Issue: WON the petition for habeus corpus is proper?

Held: No, The doctrine of judicial stability or non-interference in the regular orders or judgments of a co-
equal court, as an accepted axiom in adjective law, serves as an insurmountable barrier to
the competencia of the Makati court to entertain the habeas corpus case on account of the previous
assumption of jurisdiction by the Cavite court, and the designation of petitioners as guardians ad
litem of the ward.

Thus, in the case of Parco vs. Ca, 111 SCRA 262, this Court held that the various branches of the Court of
First Instance being co-equal cannot interfere with the respective cases of each branch, much less a
branch's order or judgment. it is a familiar principle that when a court of competent jurisdiction acquires
jurisdiction over the subject matter of a case, its authority continues, subject only to the appellate
authority, until the matter is finally and completely disposed of, and that no court of co-ordinate
authority is at liberty to interfere with its action. This doctrine is applicable to civil cases, to criminal
prosecutions, and to courts-martial.

Fallo vs Body of decision

Gonzales vs solid cement corp

Facts: The resolution of the court in a given issue – embodied in the fallo or dispositive part of a decision
or order – is the controlling factor in resolving the issues in a case. The fallo embodies the court’s
decisive action on the issue/s posed, and is thus the part of the decision that must be enforced during
execution. The other parts of the decision only contain, and are aptly called, the ratio decidendi (or
reason for the decision) and, in this sense, assume a lesser role in carrying into effect the tribunal’s
disposition of the case.

When a conflict exists between the dispositive portion and the opinion of the court in the text or body
of the decision, the former must prevail over the latter under the rule that the dispositive portion is the
definitive order, while the opinion is merely an explanatory statement without the effect of a directive.
Hence, the execution must conform with what the fallo or dispositive portion of the decision ordains or
decrees.

Significantly, no claim or issue has arisen regarding the fallo of the labor tribunals and the CA’s ruling on
the merits of the original case. We quote below the fallo of these rulings, which this Court ultimately
sustained.

Àrmovit vs CA

Facts: BCBI obtained load from GSIS. BCBI defaulted in payment,GSIS extrajudicially foreclosed the
mortgaged properties and sold them at public auction. BCBI filed an action to annul the extrajudicial
foreclosure which was granted by RTC. Court of Appeals affirmed the RTC Decision with modification.

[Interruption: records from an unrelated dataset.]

text \<open>\<open>\<mu>\<^sub>u\<close> agrees with \<open>M\<close> on \<open>(-\<infinity>, G u)\<close> and has total mass \<open>u\<close>, all of it on \<open>(-\<infinity>, G u]\<close>.\<close>

lemma put_fn_mu_u:
  assumes "measure M {..<G u} \<le> u" "u \<le> measure M {..G u}"
  shows "put_fn (mu_u M G u) k = put_fn M (min k (G u)) + u * max 0 (k - G u)"
proof -
  let ?g = "cut_density M (G u) u"
  have payoff: "?g x * max 0 (k - x) = ?g x * max 0 (min k (G u) - x) + max 0 (k - G u) * ?g x" for x
    by (cases x "G u" rule: linorder_cases) (auto simp: cut_density_def)
  have "put_fn (mu_u M G u) k = (\<integral>x. ?g x * max 0 (k - x) \<partial>M)"
    unfolding put_fn_def mu_u_eq_density[of G u, OF assms]
    using cut_density_nonneg[OF assms(1)] by (subst integral_density) auto
  also have "\<dots> = (\<integral>x. ?g x * max 0 (min k (G u) - x) \<partial>M) + max 0 (k - G u) * u"
    unfolding payoff using integral_cut_density[OF assms]
    by (simp add: integrable_cut_density_mult integrable_put_payoff integrable_cut_density_mult[of "\<lambda>_. 1", simplified])
  also have "(\<integral>x. ?g x * max 0 (min k (G u) - x) \<partial>M) = put_fn M (min k (G u))"
    unfolding put_fn_def
    by (rule Bochner_Integration.integral_cong) (auto simp: cut_density_def split: split_indicator)
  finally show ?thesis by simp
qed

end

lemma cx_leD:
  "cx_le \<mu> \<nu> \<Longrightarrow> convex_on UNIV f \<Longrightarrow> integrable \<mu> f \<Longrightarrow> integrable \<nu> f \<Longrightarrow> (\<integral>x. f x \<partial>\<mu>) \<le> (\<integral>x. f x \<partial>\<nu>)"
  unfolding cx_le_def by blast

lemma cx_le_mean_eq:
  assumes "integrable_real_distribution \<mu>" "integrable_real_distribution \<nu>" "cx_le \<mu> \<nu>"
  shows "(\<integral>x. x \<partial>\<mu>) = (\<integral>x. x \<partial>\<nu>)"
proof -
  have "(\<integral>x. a * x \<partial>\<mu>) \<le> (\<integral>x. a * x \<partial>\<nu>)" for a
  proof (rule cx_leD[OF assms(3)])
    show "convex_on UNIV (\<lambda>x. a * x)" using convex_on_affine[of UNIV a 0] by simp
    show "integrable \<mu> (\<lambda>x. a * x)" "integrable \<nu> (\<lambda>x. a * x)"
      using integrable_real_distribution.integrable_id[OF assms(1)]
        integrable_real_distribution.integrable_id[OF assms(2)] by simp_all
  qed
  from this[of 1] this[of "-1"] show ?thesis by simp
qed
lemma xv_neg_somewhere: "\<exists>t. - 8 * rs / V \<le> t \<and> t \<le> 0 \<and> xv t < 0"
proof (rule ccontr)
  define a where "a = - 8 * rs / V"
  assume "\<not> ?thesis"
  then have nonneg: "0 \<le> xv s" if "s \<in> {a..0}" for s
    using that by (force simp: a_def)
  have a: "-1 \<le> a" "a < 0"
    using neg_one_le_turn_bound rs_pos V_pos by (auto simp: a_def)
  \<comment> \<open>By the Gronwall bound, xv' \<ge> V^2/4 on [a, 0], which drives xv a below - rs V.\<close>
  have "xv a - V ^ 2 / 4 * a \<le> xv 0 - V ^ 2 / 4 * 0"
  proof (rule has_real_derivative_nonneg_imp_le[of a 0 "{..0}" "\<lambda>s. xv s - V ^ 2 / 4 * s"])
    show "((\<lambda>s. xv s - V ^ 2 / 4 * s) has_real_derivative
        vv s - D (x s) * xv s - 1 / rad s - V ^ 2 / 4 * 1) (at s within {..0})"
      if "s \<in> {a..0}" for s
      using that by (intro DERIV_diff xv_deriv DERIV_cmult DERIV_ident) auto
    show "0 \<le> vv s - D (x s) * xv s - 1 / rad s - V ^ 2 / 4 * 1" if "s \<in> {a<..<0}" for s
    proof -
      have "D (x s) * xv s \<le> B * (rs * V * exp B)"
        using that a D_nonneg[OF x_nonzero] D_le[OF x_nonzero] nonneg B_nonneg
        by (intro mult_mono xv_le_while_nonneg) auto
      also have "\<dots> \<le> V ^ 2 / 4"
        using mult_right_mono[OF V_ge_B, of V] V_pos by (simp add: power2_eq_square algebra_simps)
      finally show ?thesis
        using vv_minus_inverse_rad_gt[of s] that by simp
    qed
  qed (use a in auto)
  moreover have "V ^ 2 / 4 * a = - 2 * (rs * V)"
    using V_pos by (simp add: a_def power2_eq_square)
  ultimately have "xv a \<le> - (rs * V)"
    by (simp add: xv_0 mult.commute)
  then have "xv a < 0"
    using xv_0 xv_0_pos by linarith
  then show False
    using nonneg[of a] a by simp
qed

definition turn :: real where "turn = (THE T. T < 0 \<and> xv T = 0)"

lemma xv_zero_unique:
  assumes "T < 0" "xv T = 0" "T' < 0" "xv T' = 0"
  shows "T = T'"
  using xv_pos_after[of T T'] xv_pos_after[of T' T] assms
  by (cases T T' rule: linorder_cases) auto

lemma turn_spec: "- 8 * rs / V \<le> turn" "turn < 0" "xv turn = 0"
proof -
  obtain t where t: "- 8 * rs / V \<le> t" "t \<le> 0" "xv t < 0"
    using xv_neg_somewhere by blast
  then obtain T where T: "t \<le> T" "T \<le> 0" "xv T = 0"
    using IVT'[of xv t 0 0] continuous_on_xv[of 0 t] xv_0_pos by auto
  moreover have "T \<noteq> 0"
    using T xv_0_pos by auto
  ultimately have "turn = T"
    unfolding turn_def using xv_zero_unique by (intro the_equality) auto
  then show "- 8 * rs / V \<le> turn" "turn < 0" "xv turn = 0"
    using T t \<open>T \<noteq> 0\<close> by auto
qed
theorem proposition2p8:
  fixes M :: "'a measure"
    and W :: "pt \<Rightarrow> 'a \<Rightarrow> real"
    and v :: "int \<Rightarrow> real"
    and x :: "int \<Rightarrow> int"
    and \<eta>0 u \<mu> \<kappa> \<mu>0 \<nu> \<beta> :: real
    and G0 G1 :: "real \<Rightarrow> real \<Rightarrow> real"
    and D :: "real measure"
  assumes M: "prob_space M"
    and W_indep: "prob_space.indep_vars M (\<lambda>_. borel) W UNIV"
    and v_pos: "\<And>j. v j > 0"
    and W_exp: "\<And>i j. distributed M lborel (W (i, j)) (exponential_density (v j))"
    and x_decr: "\<And>k. x (k + 1) < x k"
    and x0: "x 0 = 1"
    and x1: "x 1 < -1"
    and \<eta>0_pos: "\<eta>0 > 0"
    and G1: "cont_distr_fun (\<lambda>s. G1 s u)"
    \<comment> \<open>Assumption A2\<close>
    and \<nu>: "1/3 < \<nu>" "\<nu> < 1"
    and G0: "cont_distr_fun (\<lambda>s. G0 s u)"
    and A2_1: "\<And>s. ((\<lambda>t. measure M {\<omega> \<in> space M.
                 (lpp {Eplus \<eta>0 u \<kappa> \<nu> t} {Pend \<eta>0 u t} (\<lambda>p. W p \<omega>) - ereal (\<mu>0 * t powr \<nu>))
                   / ereal (t powr (\<nu> / 3)) \<le> ereal s}) \<longlongrightarrow> G0 s u) at_top"
    and A2_2: "\<And>s. ((\<lambda>t. measure M {\<omega> \<in> space M.
                 (lpp (Lplus x) {Eplus \<eta>0 u \<kappa> \<nu> t} (\<lambda>p. W p \<omega>) - ereal (\<mu> * t) + ereal (\<mu>0 * t powr \<nu>))
                   / ereal (t powr (1 / 3)) \<le> ereal s}) \<longlongrightarrow> G1 s u) at_top"
    \<comment> \<open>Assumption A3\<close>
    and \<beta>: "0 < \<beta>" "\<beta> < \<nu>"
    and A3_1: "((\<lambda>t. measure M {\<omega> \<in> space M.
                 \<exists>p. is_max_path (Lplus x) {Eplus \<eta>0 u \<kappa> \<nu> t} (\<lambda>q. W q \<omega>) p \<and> set p \<inter> Dset \<eta>0 u \<beta> t \<noteq> {}})
               \<longlongrightarrow> 0) at_top"
    and A3_2: "((\<lambda>t. measure M {\<omega> \<in> space M.
                 \<exists>p. is_max_path (Lminus x) {Pend \<eta>0 u t} (\<lambda>q. W q \<omega>) p \<and> set p \<inter> Dset \<eta>0 u \<beta> t \<noteq> {}})
               \<longlongrightarrow> 0) at_top"
    \<comment> \<open>D is a probability distribution\<close>
    and D: "real_distribution D"
    and hyp: "conv_distr M (\<lambda>t \<omega>.
                (lpp_avoid (Dset \<eta>0 u \<beta> t) (Lminus x) {Pend \<eta>0 u t} (\<lambda>p. W p \<omega>) - ereal (\<mu> * t)) / ereal (t powr (1/3))
              - (lpp_avoid (Dset \<eta>0 u \<beta> t) (Lplus x) {Eplus \<eta>0 u \<kappa> \<nu> t} (\<lambda>p. W p \<omega>) - ereal (\<mu> * t) + ereal (\<mu>0 * t powr \<nu>))
                  / ereal (t powr (1/3))) D"
  shows "conv_distr M (\<lambda>t \<omega>.
                (lpp_avoid (Dset \<eta>0 u \<beta> t) (Lminus x) {Pend \<eta>0 u t} (\<lambda>p. W p \<omega>) - ereal (\<mu> * t)) / ereal (t powr (1/3))
              - (lpp_avoid (Dset \<eta>0 u \<beta> t) (Lplus x) {Eplus \<eta>0 u \<kappa> \<nu> t} (\<lambda>p. W p \<omega>) + lpp {Eplus \<eta>0 u \<kappa> \<nu> t} {Pend \<eta>0 u t} (\<lambda>p. W p \<omega>)
                   - ereal (\<mu> * t)) / ereal (t powr (1/3))) D"
proof -
  interpret prob_space M by (rule M)
  have W_meas [measurable]: "W q \<in> borel_measurable M" for q
    using distributed_measurable[OF W_exp] by (cases q) simp
  have G0_lim: "((\<lambda>s. G0 s u) \<longlongrightarrow> 0) at_bot" "((\<lambda>s. G0 s u) \<longlongrightarrow> 1) at_top"
    using G0 unfolding cont_distr_fun_def by auto
  define LM where "LM t \<omega> = lpp_avoid (Dset \<eta>0 u \<beta> t) (Lminus x) {Pend \<eta>0 u t} (\<lambda>p. W p \<omega>)" for t \<omega>
  define LP where "LP t \<omega> = lpp_avoid (Dset \<eta>0 u \<beta> t) (Lplus x) {Eplus \<eta>0 u \<kappa> \<nu> t} (\<lambda>p. W p \<omega>)" for t \<omega>
  define L where "L t \<omega> = lpp {Eplus \<eta>0 u \<kappa> \<nu> t} {Pend \<eta>0 u t} (\<lambda>p. W p \<omega>)" for t \<omega>
  define X where "X t \<omega> = (LM t \<omega> - ereal (\<mu> * t)) / ereal (t powr (1/3))
              - (LP t \<omega> - ereal (\<mu> * t) + ereal (\<mu>0 * t powr \<nu>)) / ereal (t powr (1/3))" for t \<omega>
  define Y where "Y t \<omega> = (LM t \<omega> - ereal (\<mu> * t)) / ereal (t powr (1/3))
              - (LP t \<omega> + L t \<omega> - ereal (\<mu> * t)) / ereal (t powr (1/3))" for t \<omega>
  define Z where "Z t \<omega> = (L t \<omega> - ereal (\<mu>0 * t powr \<nu>)) / ereal (t powr (\<nu> / 3))" for t \<omega>
  have L_meas: "(\<lambda>\<omega>. LM t \<omega>) \<in> borel_measurable M" "(\<lambda>\<omega>. LP t \<omega>) \<in> borel_measurable M"
      "(\<lambda>\<omega>. L t \<omega>) \<in> borel_measurable M" for t
    unfolding LM_def LP_def L_def by (intro measurable_lpp_avoid measurable_lpp W_meas)+
  have "\<forall>\<^sub>F t in at_top. \<forall>\<omega> K \<delta>. \<bar>Z t \<omega>\<bar> \<le> ereal K \<longrightarrow> K * (t powr (\<nu> / 3) / t powr (1 / 3)) \<le> \<delta> \<longrightarrow>
          Y t \<omega> \<le> X t \<omega> + ereal \<delta> \<and> X t \<omega> \<le> Y t \<omega> + ereal \<delta>"
    using eventually_gt_at_top[of "0::real"]
    unfolding X_def Y_def Z_def by eventually_elim (intro allI impI ereal_diff_divide_perturb; simp)
  then have close: "close_in_prob M X Y"
    using \<nu> unfolding Z_def L_def
    by (intro close_in_prob_if_tight_remainder[OF _ A2_1 G0_lim tendsto_powr_divide_powr_zero]) auto
  have X_conv: "conv_distr M X D"
    using hyp unfolding X_def LM_def LP_def .
  have XY_meas: "(\<lambda>\<omega>. X t \<omega>) \<in> borel_measurable M" "(\<lambda>\<omega>. Y t \<omega>) \<in> borel_measurable M" for t
    unfolding X_def Y_def
    by (intro borel_measurable_ereal_diff borel_measurable_ereal_divide borel_measurable_ereal_add
        borel_measurable_const L_meas)+
  have "conv_distr M Y D"
    using conv_distr_close_in_prob[OF D XY_meas X_conv close] .
  then show ?thesis
    unfolding Y_def LM_def LP_def L_def .
qed
lemma clique_extend:
  assumes "S0 \<subseteq> V" "S0 \<noteq> {}" "is_clique E S0" "card S0 \<le> m" "m \<le> Suc k"
  shows "\<exists>S. S0 \<subseteq> S \<and> S \<subseteq> V \<and> is_clique E S \<and> card S = m"
proof (rule clique_extend_greedy[OF subset_refl assms(1,3,4)])
  show "0 \<le> D" using assms(1,2) one_le_D by fastforce
  moreover have "real (m - 1) \<le> real k" using assms(5) by simp
  ultimately have "real (m - 1) * D \<le> real k * D" by (rule mult_right_mono[rotated])
  then show "real (m - 1) * D < real (card V)" using dense by linarith
qed (use card_non_nbrs_le in blast)

lemma ext_nonadjacent:
  assumes "C \<in> kcomponents V E k" "C' \<in> kcomponents V E k" "C \<noteq> C'"
    and "x \<in> ext V E k C" "y \<in> ext V E k C'"
  shows "\<not> E x y"
proof
  assume "E x y"
  then have "x \<noteq> y" "{x, y} \<subseteq> V" "is_clique E {x, y}"
    using edge_irrefl edge_in_V edge_sym unfolding is_clique_def by auto
  moreover have "card {x, y} \<le> Suc k" using \<open>x \<noteq> y\<close> k_pos by simp
  ultimately obtain T where T: "{x, y} \<subseteq> T" "T \<subseteq> V" "is_clique E T" "card T = Suc k"
    using clique_extend[of "{x, y}" "Suc k"] by blast
  then have "T \<in> kcliques V E (Suc k)" unfolding kcliques_def by blast
  moreover have "card (T - {x}) = k" using T by (simp add: card_ge_0_finite)
  ultimately have "T - {x} \<in> C"
    using subclique_in_kcomponent_if_ext[OF assms(1) _ _ assms(4)] T(1) k_pos by blast
  then have "y \<in> comp_verts C" using T(1) \<open>x \<noteq> y\<close> unfolding comp_verts_def by blast
  then show False using assms(1,3,5) unfolding ext_def by blast
qed

lemma in_int_or_ext:
  assumes "v \<in> V"
  shows "v \<in> int_k V E k \<or> (\<exists>C\<in>kcomponents V E k. v \<in> ext V E k C)"
proof -
  have "is_clique E {v}" unfolding is_clique_def by blast
  then obtain Q where Q: "v \<in> Q" "Q \<subseteq> V" "is_clique E Q" "card Q = k"
    using clique_extend[of "{v}" k] assms k_pos by auto
  then have "Q \<in> kcliques V E k" unfolding kcliques_def by blast
  then have "kconn V E k `` {Q} \<in> kcomponents V E k" "v \<in> comp_verts (kconn V E k `` {Q})"
    using kconn_class_in_kcomponents Q(1) unfolding comp_verts_def by blast+
  then show ?thesis using ext_if_not_in_int assms by blast
qed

Held: GR is that a conflict between the dispositive portion or fallo of a Decision and the opinion of the
court contained in the text or body of the judgment, the former prevails over the latter.

An exception would be where the inevitable conclusion from the body of the decision is so clear as to
show that there was a mistake in the dispositive portion, the body of the decision will prevail

t is clear that the statement in the body of our 1991 Decision (that "we do not find Atty. Armovit’s claim
for ‘twenty percent of all recoveries’ to be unreasonable"30) is not an order which can be the subject of
execution. Neither can we ascertain from the body of the Decision an inevitable conclusion clearly
showing a mistake in the dispositive portion. On the contrary, the context in which the statement was
used shows that it is premised on the interpretation that Atty. Armovit’s valid claim is only for an
additional ₱252,000.00 in attorney’s fees:.